[Data section]:
lemma bst_step_column_end:
  assumes j: "2 \<le> j" "j < l"
  shows "bst_step (grid_tree l j (l-1)) ((l-1)*l+j) (column_end_touched l j) (grid_tree l (Suc j) 0)"
proof -
  define T where "T = column_end_touched l j"
  define i where "i = l - 1"
  define i' where "i' = l - 2"
  have i: "Suc i = l" "i = Suc i'" unfolding i_def i'_def using j by auto
  have il: "i*l = l + i'*l" "l*l = i*l + l" using i by auto
  have sub: "T \<subseteq> {..i'*l+j+1} \<union> {i*l+1, i*l+j, i*l+j+1}"
    unfolding T_def using column_end_touched_subset[OF i] .
  have mem: "q*l+j+1 \<in> T" if "q < l" for q unfolding T_def column_end_touched_def using that by auto
  have mem_last: "i*l+1 \<in> T" "i*l+j \<in> T" unfolding T_def column_end_touched_def i_def by auto
  have gaps: "set_tree (gap l (Suc j) k) \<inter> T = {}" if "k < i" for k
    unfolding T_def by (rule gap_disjoint_column_end) (use j that i_def in auto)
  have paths: "set_tree (rpath (i*l+j+2-l) (l-j-1)) \<inter> T = {}" "set_tree (lpath (i*l+2) (j-2)) \<inter> T = {}"
    "set_tree (rpath (Suc (i*l+j+1)) (l-j-1)) \<inter> T = {}"
    using sub j il by (auto simp: set_rpath set_lpath)
  have old: "top_set T (next_spine l j i') \<and> hang T (next_spine l j i') = gap l (Suc j) ` {..i'}"
    by (rule next_spine_top_set_hang) (use mem gaps i in auto)
  have new: "top_set T (spine l (Suc j) 0) = (top_set T (gap l (Suc j) i) \<and> top_set T (spine l (Suc j) (Suc i))) \<and>
      hang T (spine l (Suc j) 0) = gap l (Suc j) ` {0..<i} \<union> hang T (gap l (Suc j) i) \<union> hang T (spine l (Suc j) (Suc i))"
    by (rule spine_top_set_hang) (use mem gaps i in auto)
  have "{..i'} = {0..<i}" using i by auto
  then have tops: "top_set T (grid_tree l j i) \<and> top_set T (grid_tree l (Suc j) 0)
      \<and> hang T (grid_tree l (Suc j) 0) = hang T (grid_tree l j i)"
    using old new paths mem[of i'] mem[of i] mem_last i
    unfolding grid_tree_last_row_unfold[OF j i] grid_tree_0_eq_spine[of l, OF zero_less_Suc[of i, unfolded i(1)]]
      next_column_spine_unfold[OF j(1) i(1)]
    by (auto simp: top_set_if_disjoint hang_if_disjoint)
  have "T \<subseteq> {1..<l*l+1}"
  proof
    fix x assume x: "x \<in> T"
    then have "x \<noteq> 0" unfolding T_def column_end_touched_def using j by auto
    moreover have "x \<le> i*l+j+1" using sub x il by auto
    ultimately show "x \<in> {1..<l*l+1}" using j il by auto
  qed
  then show ?thesis
    unfolding T_def[symmetric] i_def[symmetric]
    by (intro bst_stepI) (use tops mem_last j i in \<open>simp_all add: set_grid_tree set_grid_tree_0 inorder_grid_tree inorder_grid_tree_0\<close>)
qed

section \<open>The first and the last column\<close>

lemma spine_key_notin_gap:
  assumes j: "2 \<le> j" "j \<le> l" and k: "k < i" and q: "q \<le> i"
  shows "q*l+j \<notin> set_tree (gap l j k)"
proof -
  have sub: "set_tree (gap l j k) \<subseteq> {k*l+j+1-l..<k*l+j}" using set_gap j by blast
  show ?thesis
  proof (cases "q < k")
    case True then have "q*l+l \<le> k*l" using less_imp_mult_add_le by blast
    then have "q*l+j \<notin> {k*l+j+1-l..<k*l+j}" by (simp only: atLeastLessThan_iff) arith
    then show ?thesis using sub by blast
  next
    case False then have "k*l \<le> q*l" by (intro mult_le_mono1) simp
    then show ?thesis using sub by auto
  qed
qed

[Work required]: Write out exactly those lines running from the line with "case True then" to the end of the data above, the first and last included.

[Exercise response]:
    case True then have "q*l+l \<le> k*l" using less_imp_mult_add_le by blast
    then have "q*l+j \<notin> {k*l+j+1-l..<k*l+j}" by (simp only: atLeastLessThan_iff) arith
    then show ?thesis using sub by blast
  next
    case False then have "k*l \<le> q*l" by (intro mult_le_mono1) simp
    then show ?thesis using sub by auto
  qed
qed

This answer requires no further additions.